◆ WORK REQUIRED:
Go to the line in the data below that contains "qed (simp add: span_add span_base)". Write it out exactly, along with every later line through the last, and nothing else.

BEGIN DATA RECORDS

(* Let $A$ be a JBW algebra, let $p,q\in A$ be nonzero projections with $p\circ q=0$, and let $z\in A$ be a nonzero projection different from $p$ and from $q$. Then $z=p+q$ if and only if the linear span of $\{p,q,z\}$ is a two-dimensional associative subalgebra of $A$.
   Context: A JB algebra is a real Banach algebra $(A,\circ)$ with a commutative product satisfying $a\circ(b\circ a^2)=(a\circ b)\circ a^2$, $\|a^2\|\le\|a^2+b^2\|$, $\|a\|^2=\|a^2\|$; a JBW algebra is a JB algebra that is a dual Banach space. A projection is an element $p$ with $p\circ p=p$. *)

theory Defs
  imports "HOL-Analysis.Analysis"
begin

definition JB_algebra :: "('a::banach \<Rightarrow> 'a \<Rightarrow> 'a) \<Rightarrow> bool" where
  "JB_algebra jp \<longleftrightarrow>
     bilinear jp \<and>
     (\<forall>a b. jp a b = jp b a) \<and>
     (\<forall>a b. norm (jp a b) \<le> norm a * norm b) \<and>
     (\<forall>a b. jp a (jp b (jp a a)) = jp (jp a b) (jp a a)) \<and>
     (\<forall>a b. norm (jp a a) \<le> norm (jp a a + jp b b)) \<and>
     (\<forall>a. (norm a)\<^sup>2 = norm (jp a a))"

text \<open>V (a set of bounded linear functionals on A) is a predual of A:
a closed subspace of the dual such that a \<mapsto> (f \<mapsto> f a) is an isometric
isomorphism of A onto the Banach dual of V.\<close>
definition is_predual :: "('a::real_normed_vector \<Rightarrow>\<^sub>L real) set \<Rightarrow> bool" where
  "is_predual V \<longleftrightarrow>
     subspace V \<and> closed V \<and>
     (\<forall>a::'a. norm a = (SUP f\<in>{f\<in>V. norm f \<le> 1}. \<bar>blinfun_apply f a\<bar>)) \<and>
     (\<forall>\<phi> :: ('a \<Rightarrow>\<^sub>L real) \<Rightarrow> real.
        ((\<forall>f\<in>V. \<forall>g\<in>V. \<phi> (f + g) = \<phi> f + \<phi> g) \<and>
         (\<forall>f\<in>V. \<forall>c. \<phi> (c *\<^sub>R f) = c * \<phi> f) \<and>
         (\<exists>C. \<forall>f\<in>V. \<bar>\<phi> f\<bar> \<le> C * norm f))
        \<longrightarrow> (\<exists>a. \<forall>f\<in>V. \<phi> f = blinfun_apply f a))"

definition dual_banach_space :: "'a::real_normed_vector itself \<Rightarrow> bool" where
  "dual_banach_space (_ :: 'a itself) \<longleftrightarrow> (\<exists>V :: ('a \<Rightarrow>\<^sub>L real) set. is_predual V)"

definition JBW_algebra :: "('a::banach \<Rightarrow> 'a \<Rightarrow> 'a) \<Rightarrow> bool" where
  "JBW_algebra jp \<longleftrightarrow> JB_algebra jp \<and> dual_banach_space TYPE('a)"

definition jprojection :: "('a \<Rightarrow> 'a \<Rightarrow> 'a) \<Rightarrow> 'a \<Rightarrow> bool" where
  "jprojection jp p \<longleftrightarrow> jp p p = p"

definition subalgebra :: "('a \<Rightarrow> 'a \<Rightarrow> 'a) \<Rightarrow> 'a::real_vector set \<Rightarrow> bool" where
  "subalgebra jp B \<longleftrightarrow> subspace B \<and> (\<forall>x\<in>B. \<forall>y\<in>B. jp x y \<in> B)"

definition associative_on :: "('a \<Rightarrow> 'a \<Rightarrow> 'a) \<Rightarrow> 'a set \<Rightarrow> bool" where
  "associative_on jp B \<longleftrightarrow> (\<forall>x\<in>B. \<forall>y\<in>B. \<forall>w\<in>B. jp (jp x y) w = jp x (jp y w))"

end

theory Submission
  imports Defs
begin

text \<open>For orthogonal idempotents p, q the product is coordinatewise on their span,
(a p + b q)(c p + d q) = ac p + bd q. Hence span {p, q} is a two-dimensional associative
subalgebra whose only idempotents are 0, p, q and p + q, and dim span {p, q, z} = 2 forces
z \<in> span {p, q}, i.e. z = p + q.\<close>

lemma span_pair_iff:
  fixes p q :: "'a::real_vector"
  shows "x \<in> span {p, q} \<longleftrightarrow> (\<exists>a b. x = a *\<^sub>R p + b *\<^sub>R q)"
proof
  assume "x \<in> span {p, q}"
  then obtain a where "x - a *\<^sub>R p \<in> span {q}"
    by (auto simp: span_breakdown_eq)
  then obtain b where "x - a *\<^sub>R p = b *\<^sub>R q"
    by (auto simp: span_singleton)
  then have "x = a *\<^sub>R p + b *\<^sub>R q"
    by (simp add: algebra_simps)
  then show "\<exists>a b. x = a *\<^sub>R p + b *\<^sub>R q"
    by blast
next
  assume "\<exists>a b. x = a *\<^sub>R p + b *\<^sub>R q"
  then obtain a b where "x = a *\<^sub>R p + b *\<^sub>R q"
    by blast
  then show "x \<in> span {p, q}"
    by (simp add: span_add span_scale span_base)
qed

lemma dim_span_insert_independent:
  assumes "independent B" and "finite B"
  shows "dim (span (insert z B)) = card B \<longleftrightarrow> z \<in> span B"
proof (cases "z \<in> span B")
  case True
  then show ?thesis
    using dim_span_eq_card_independent[OF assms(1)] by (simp add: span_redundant)
next
  case False
  then have "independent (insert z B)" and "z \<notin> B"
    using assms(1) span_base independent_insertI by blast+
  then show ?thesis
    using False assms(2) dim_span_eq_card_independent[of "insert z B"] by simp
qed

locale orthogonal_idempotents =
  fixes jp :: "'a::real_vector \<Rightarrow> 'a \<Rightarrow> 'a" and p q :: 'a
  assumes bilinear: "bilinear jp"
    and idem_p: "jp p p = p" and idem_q: "jp q q = q"
    and orth: "jp p q = 0" and orth': "jp q p = 0"
    and nonzero_p: "p \<noteq> 0" and nonzero_q: "q \<noteq> 0"
begin

lemma mult_componentwise:
  "jp (a *\<^sub>R p + b *\<^sub>R q) (c *\<^sub>R p + d *\<^sub>R q) = (a * c) *\<^sub>R p + (b * d) *\<^sub>R q"
proof -
  interpret l: linear "jp x" for x
    using bilinear by (simp add: bilinear_def)
  interpret r: linear "\<lambda>x. jp x y" for y
    using bilinear by (simp add: bilinear_def)
  show ?thesis
    by (simp add: l.add l.scale r.add r.scale idem_p idem_q orth orth' mult.commute)
qed

lemma coefficients_eq_0:
  assumes "a *\<^sub>R p + b *\<^sub>R q = 0"
  shows "a = 0 \<and> b = 0"
proof -
  have "jp 0 p = 0" "jp 0 q = 0"
    using bilinear by (simp_all add: bilinear_lzero)
  then have "a *\<^sub>R p = 0" "b *\<^sub>R q = 0"
    using assms mult_componentwise[of a b 1 0] mult_componentwise[of a b 0 1] by simp_all
  then show ?thesis
    using nonzero_p nonzero_q by simp
qed

lemma distinct_pair: "p \<noteq> q"
  using coefficients_eq_0[of 1 "-1"] by auto

lemma independent_pair: "independent {p, q}"
proof -
  have "p \<notin> span {q}"
  proof
    assume "p \<in> span {q}"
    then obtain k where "p = k *\<^sub>R q"
      by (auto simp: span_singleton)
    then show False
      using coefficients_eq_0[of 1 "- k"] by simp
  qed
  moreover have "independent {q}"
    using nonzero_q independent_insertI[of q "{}"] by (simp add: span_empty)
  ultimately show ?thesis
    by (rule independent_insertI)
qed

lemma idempotent_in_span:
  assumes "z \<in> span {p, q}" and "jp z z = z"
  shows "z \<in> {0, p, q, p + q}"
proof -
  obtain a b where z: "z = a *\<^sub>R p + b *\<^sub>R q"
    using assms(1) by (auto simp: span_pair_iff)
  have "(a * (a - 1)) *\<^sub>R p + (b * (b - 1)) *\<^sub>R q = 0"
    using assms(2) mult_componentwise[of a b a b] by (simp add: z algebra_simps)
  then have "a * (a - 1) = 0 \<and> b * (b - 1) = 0"
    by (rule coefficients_eq_0)
  then have "a \<in> {0, 1}" "b \<in> {0, 1}"
    by auto
  then show ?thesis
    by (auto simp: z)
qed

lemma subalgebra_span: "subalgebra jp (span {p, q})"
  unfolding subalgebra_def
proof (intro conjI ballI subspace_span)
  fix x y
  assume "x \<in> span {p, q}" and "y \<in> span {p, q}"
  then obtain a b c d where "x = a *\<^sub>R p + b *\<^sub>R q" and "y = c *\<^sub>R p + d *\<^sub>R q"
    by (auto simp: span_pair_iff)
  then show "jp x y \<in> span {p, q}"
    unfolding span_pair_iff by (auto simp: mult_componentwise)
qed

lemma associative_on_span: "associative_on jp (span {p, q})"
  unfolding associative_on_def
  by (auto simp: span_pair_iff mult_componentwise mult.assoc)

end

theorem lemma3p4:
  fixes jp :: "'a::banach \<Rightarrow> 'a \<Rightarrow> 'a" and p q z :: 'a
  assumes "JBW_algebra jp"
    and "jprojection jp p" and "p \<noteq> 0"
    and "jprojection jp q" and "q \<noteq> 0"
    and "jp p q = 0"
    and "jprojection jp z" and "z \<noteq> 0" and "z \<noteq> p" and "z \<noteq> q"
  shows "z = p + q \<longleftrightarrow>
           (subalgebra jp (span {p, q, z}) \<and> associative_on jp (span {p, q, z})
            \<and> dim (span {p, q, z}) = 2)"
proof -
  have bilinear: "bilinear jp" and commutative: "\<forall>a b. jp a b = jp b a"
    using assms(1) unfolding JBW_algebra_def JB_algebra_def by auto
  have "jp q p = 0"
    using commutative assms(6) by metis
  then interpret orthogonal_idempotents jp p q
    using bilinear assms(2-6) by unfold_locales (simp_all add: jprojection_def)
  have reorder: "{p, q, z} = insert z {p, q}"
    by auto
  have dim_iff: "dim (span {p, q, z}) = 2 \<longleftrightarrow> z \<in> span {p, q}"
    using dim_span_insert_independent[OF independent_pair, of z] distinct_pair
    unfolding reorder by (simp add: numeral_2_eq_2)
  have span_iff: "z \<in> span {p, q} \<longleftrightarrow> z = p + q"
  proof
    assume "z \<in> span {p, q}"
    then show "z = p + q"
      using idempotent_in_span[of z] assms(7-10) by (simp add: jprojection_def)
  qed (simp add: span_add span_base)
  show ?thesis
  proof
    assume "z = p + q"
    then have "span {p, q, z} = span {p, q}" and "dim (span {p, q, z}) = 2"
      using span_iff dim_iff unfolding reorder by (simp_all add: span_redundant)
    then show "subalgebra jp (span {p, q, z}) \<and> associative_on jp (span {p, q, z})
        \<and> dim (span {p, q, z}) = 2"
      using subalgebra_span associative_on_span by simp
  qed (use dim_iff span_iff in blast)
qed

end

END DATA RECORDS

◆ SOLUTION TO THIS EXERCISE:
  qed (simp add: span_add span_base)
  show ?thesis
  proof
    assume "z = p + q"
    then have "span {p, q, z} = span {p, q}" and "dim (span {p, q, z}) = 2"
      using span_iff dim_iff unfolding reorder by (simp_all add: span_redundant)
    then show "subalgebra jp (span {p, q, z}) \<and> associative_on jp (span {p, q, z})
        \<and> dim (span {p, q, z}) = 2"
      using subalgebra_span associative_on_span by simp
  qed (use dim_iff span_iff in blast)
qed

end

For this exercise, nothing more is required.